Madness, brilliance and tragedy

Jonathan Rosen's best friend was brilliant, even after he was diagnosed as a paranoid schizophrenic in his early 20s, he writes in his new book, The Best Minds: A Story of Friendship, Madness, and the Tragedy of Good Intentions.


American Madness in The Atlantic excerpts part of the book.


While Michael Laudor was at Yale Law School, the pride of his professors, he was profiled in the New York Times as a symbol of success. The profile led to a huge book contract for a memoir. Ron Howard bought the rights and recruited Brad Pitt to star in a movie.

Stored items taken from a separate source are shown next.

(* Let $\mathcal{F}:(\mathcal{K},c)\to(\mathcal{K}',c')$ be a bilax functor with compatible Yang–Baxter operator. For every object $A$ of $\mathcal{K}$, the functor $\mathcal{F}_{A,A}:\mathcal{K}(A,A)\to\mathcal{K}'(\mathcal{F}(A),\mathcal{F}(A))$ factors through the category of Hopf bimodules over the $c'$-bimonad $B:=\mathcal{F}(\mathrm{id}_A)$ in $(\mathcal{K}'(\mathcal{F}(A),\mathcal{F}(A)),c')$: for every 1-endocell $x$ of $A$, $\mathcal{F}(x)$ with the structures below is a Hopf bimodule over $B$, and for every 2-cell $\alpha:x\Rightarrow y$ in $\mathcal{K}(A,A)$, $\mathcal{F}(\alpha)$ is a morphism of Hopf bimodules.
   Context: Conventions: $\circ$ horizontal composition, $\cdot$ vertical composition ($\beta\cdot\alpha$: first $\alpha$), $1$ identity 2-cells. A Yang–Baxter operator $c$ of a 2-category: natural 2-cells $c_{g,f}:g\circ f\Rightarrow f\circ g$ for 1-endocells of a common object, satisfying the Yang–Baxter equation and $c_{\mathrm{id},f}=c_{f,\mathrm{id}}=1$. A bilax functor $\mathcal{F}:(\mathcal{K},c)\to(\mathcal{K}',c')$ with compatible Yang–Baxter operator is a lax functor ($\mathcal{F}^2_{g,f}:\mathcal{F}(g)\circ\mathcal{F}(f)\Rightarrow\mathcal{F}(gf)$, $\mathcal{F}^0_A:\mathrm{id}\Rightarrow\mathcal{F}(\mathrm{id}_A)$) and colax functor ($\mathcal{F}_{2;g,f}:\mathcal{F}(gf)\Rightarrow\mathcal{F}(g)\circ\mathcal{F}(f)$, $\mathcal{F}_{0;A}$) such that $\nu_{g,f}:=c'_{\mathcal{F}(g),\mathcal{F}(f)}$ is a left and right distributive law for the lax and colax structures (e.g. $\nu_{hg,f}\cdot(\mathcal{F}^2_{h,g}\circ1)=(1\circ\mathcal{F}^2_{h,g})\cdot(\nu_{h,f}\circ1)\cdot(1\circ\nu_{g,f})$, $\nu_{\mathrm{id},f}\cdot(\mathcal{F}^0\circ1)=1\circ\mathcal{F}^0$, $(\mathcal{F}_{2;h,g}\circ1)\cdot\nu_{f,hg}=(1\circ\nu_{f,g})\cdot(\nu_{f,h}\circ1)\cdot(1\circ\mathcal{F}_{2;h,g})$, $(\mathcal{F}_0\circ1)\cdot\nu_{f,\mathrm{id}}=1\circ\mathcal{F}_0$, and mirror images), satisfies $(1\circ\mathcal{F}_0)\cdot\nu_{\mathrm{id},f}\cdot(\mathcal{F}^0\circ1)=1=(\mathcal{F}_0\circ1)\cdot\nu_{f,\mathrm{id}}\cdot(1\circ\mathcal{F}^0)$, and the bilaxity conditions $(\mathcal{F}^2_{g,h}\circ\mathcal{F}^2_{f,k})\cdot(1\circ\nu_{f,h}\circ1)\cdot(\mathcal{F}_{2;g,f}\circ\mathcal{F}_{2;h,k})=\mathcal{F}_{2;gh,fk}\cdot\mathcal{F}(1\circ c_{f,h}\circ1)\cdot\mathcal{F}^2_{gf,hk}$ for $A\xrightarrow{k}B\xrightarrow{h}B\xrightarrow{f}B\xrightarrow{g}C$, $\mathcal{F}^0\circ\mathcal{F}^0=\mathcal{F}_{2;\mathrm{id},\mathrm{id}}\cdot\mathcal{F}^0$, $\mathcal{F}_0\circ\mathcal{F}_0=\mathcal{F}_0\cdot\mathcal{F}^2_{\mathrm{id},\mathrm{id}}$, $\mathcal{F}_0\cdot\mathcal{F}^0=1$. $B=\mathcal{F}(\mathrm{id}_A)$ is a $c'$-bimonad with $\mu=\mathcal{F}^2_{\mathrm{id},\mathrm{id}}$, $\eta=\mathcal{F}^0_A$, $\Delta=\mathcal{F}_{2;\mathrm{id},\mathrm{id}}$, $\varepsilon=\mathcal{F}_{0;A}$. For a 1-endocell $x$ of $A$, $\mathcal{F}(x)$ has left action $\rhd=\mathcal{F}^2_{\mathrm{id},x}:B\circ\mathcal{F}(x)\Rightarrow\mathcal{F}(x)$, right action $\lhd=\mathcal{F}^2_{x,\mathrm{id}}$, left coaction $\lambda=\mathcal{F}_{2;\mathrm{id},x}:\mathcal{F}(x)\Rightarrow B\circ\mathcal{F}(x)$ and right coaction $\rho=\mathcal{F}_{2;x,\mathrm{id}}$. In the monoidal category $(\mathcal{K}'(\mathcal{F}(A),\mathcal{F}(A)),\circ)$ with Yang–Baxter operator $c'$ and $c'$-bimonad $B$, a Hopf bimodule over $B$ is an object $M$ that is a $B$-bimodule ($\rhd,\lhd$, associative, unital, commuting actions) and a $B$-bicomodule ($\lambda,\rho$, coassociative, counital, commuting coactions) satisfying the four conditions $\lambda\cdot\rhd=(\mu\circ\rhd)\cdot(1\circ c'_{B,B}\circ1)\cdot(\Delta\circ\lambda)$, $\rho\cdot\lhd=(\lhd\circ\mu)\cdot(1\circ c'_{B,B}\circ1)\cdot(\rho\circ\Delta)$, $\lambda\cdot\lhd=(\mu\circ\lhd)\cdot(1\circ c'_{M,B}\circ1)\cdot(\lambda\circ\Delta)$, $\rho\cdot\rhd=(\rhd\circ\mu)\cdot(1\circ c'_{B,M}\circ1)\cdot(\Delta\circ\rho)$; morphisms of Hopf bimodules are 2-cells that are left and right $B$-linear and left and right $B$-colinear. *)

theory Defs
  imports Main
begin
lemma ghost_src_vtx: "e \<in> E1 \<Longrightarrow> (ghost e :: ('v,'e,'r) gen_series) * vtx (sc e) \<approx> ghost e"
proof -
  assume e: "e \<in> E1"
  let ?f = "fmono (1::'r) [Gh e, Vx (sc e)]" and ?g = "fmono (1::'r) [Gh e]"
  have "fdiff ?f ?g \<in> LPA_rels V0 E1 rg sc" unfolding LPA_rels_def using e by blast
  moreover have "Series ?f = ghost e * vtx (sc e)" by (simp add: vtx_def ghost_def monom_mult Series_fmono)
  moreover have "Series ?g = ghost e" by (simp add: ghost_def Series_fmono)
  moreover have "ghost e * vtx (sc e) \<in> free_alg" using e edges_in_V0 by (simp add: free_alg_mult free_alg_vtx free_alg_ghost)
  moreover have "ghost e \<in> free_alg" using e by (simp add: free_alg_ghost)
  ultimately show ?thesis using rel_cong[of ?f ?g] by (simp only:)
qed

lemma ghost_mult_edge: "e \<in> E1 \<Longrightarrow> e' \<in> E1 \<Longrightarrow> (ghost e :: ('v,'e,'r) gen_series) * edge e' \<approx> (if e = e' then vtx (rg e) else 0)"
proof -
  assume e: "e \<in> E1" "e' \<in> E1"
  let ?f = "fmono (1::'r) [Gh e, Ed e']"
  let ?g = "if e = e' then fmono (1::'r) [Vx (rg e)] else (\<lambda>_. 0)"
  have "fdiff ?f ?g \<in> LPA_rels V0 E1 rg sc" unfolding LPA_rels_def using e by blast
  moreover have "Series ?f = ghost e * edge e'" by (simp add: ghost_def edge_def monom_mult Series_fmono)
  moreover have "Series ?g = (if e = e' then vtx (rg e) else 0)" by (simp add: vtx_def Series_fmono Series_zero)
  moreover have "ghost e * edge e' \<in> free_alg" using e by (simp add: free_alg_mult free_alg_ghost free_alg_edge)
  moreover have "(if e = e' then vtx (rg e) else 0) \<in> free_alg" using e edges_in_V0 by (simp add: free_alg_vtx free_alg_0)
  ultimately show ?thesis using rel_cong[of ?f ?g] by (simp only:)
qed

lemma cong_mult_left: "c \<in> free_alg \<Longrightarrow> a \<approx> b \<Longrightarrow> c * a \<approx> c * b"
  using cong_mult cong_refl by blast
lemma cong_mult_right: "c \<in> free_alg \<Longrightarrow> a \<approx> b \<Longrightarrow> a * c \<approx> b * c"
  using cong_mult cong_refl by blast

lemma cong_ctx: "A \<in> free_alg \<Longrightarrow> B \<in> free_alg \<Longrightarrow> X \<approx> Y \<Longrightarrow> A * X * B \<approx> A * Y * B"
  using cong_mult_left cong_mult_right free_alg_mult cong_free_alg by metis

lemma cong_zero_left: "X \<approx> 0 \<Longrightarrow> B \<in> free_alg \<Longrightarrow> X * B \<approx> 0"
  using cong_mult_right[of B X 0] by simp
lemma cong_zero_right: "X \<approx> 0 \<Longrightarrow> B \<in> free_alg \<Longrightarrow> B * X \<approx> 0"
  using cong_mult_left[of B X 0] by simp

lemma mu_Nil: "mu v [] = vtx v" by (simp add: mu_def)
lemma mu_star_Nil: "mu_star v [] = vtx v" by (simp add: mu_star_def)

lemma vtx_idem: "v \<in> V0 \<Longrightarrow> vtx v * vtx v \<approx> vtx v"
  using vtx_mult_vtx[of v v] by simp

lemma mu_Cons:
  assumes "path v (e # es)"
  shows "mu v (e # es) \<approx> vtx v * edge e * mu (rg e) es"
proof -
  have e: "e \<in> E1" "sc e = v" "path (rg e) es" using assms by auto
  have vals: "vtx v \<in> free_alg" "edge_path es \<in> free_alg" "edge e \<in> free_alg"
    using assms e by (auto simp: free_alg_vtx free_alg_edge_path free_alg_edge epath_edges)
  have "mu v (e # es) = vtx v * edge e * edge_path es" by (simp add: mu_def edge_path_Cons mult.assoc)
  also have "\<dots> \<approx> vtx v * (edge e * vtx (rg e)) * edge_path es"
    using vals e cong_sym[OF edge_rng_vtx[OF e(1)]] by (intro cong_ctx) auto
  also have "\<dots> = vtx v * edge e * mu (rg e) es" by (simp add: mu_def mult.assoc)
  finally show ?thesis .
qed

Then Laudor stopped taking his meds, became convinced that his pregnant fiancee was a nonhuman imposter and killed her. Laudor has spent the last 25 years in a mental institution.


On the day he was accepted to Yale Law, Laudor "also believed that monkeys were eating his brain," writes Bari Weiss in The Free Press. He woke up every morning convinced his room was on fire.


Rosen's book investigates "America’s ongoing failure to get people like Michael the help that they so desperately need."


Michael became severely mentally ill in a world that had decided that "all mental illness is a social construct," Rosen tells Weiss. Foucault said a mental hospital is "a place to put your enemies who you’ve othered by calling mad simply because they swim against the rational stream," reducing illness to an abuse of power. That formula rejects reforming mental hospitals: They must be torn down, like the Bastille.

One of Michael’s mentors said to me, “You know, if I wasn’t so busy thinking what an amazing place Yale Law School was for taking Michael, I might have thought more about how he was feeling.” And this was someone who had asked Michael, “Do you still hallucinate?” And Michael had said, “Oh, yes! I’m looking at angels right now waving fronds of fire.”

Leaving someone on the street who "doesn't know what's real and what isn't" is not honoring their autonomy, Rosen tells Gal Beckerman in an Atlantic interview. "There are people too sick to help themselves or even know they’re sick."


He fears mental illness is being redefined so broadly that it includes half the population. That makes it hard to help the truly ill. "If everyone is sick, nobody is."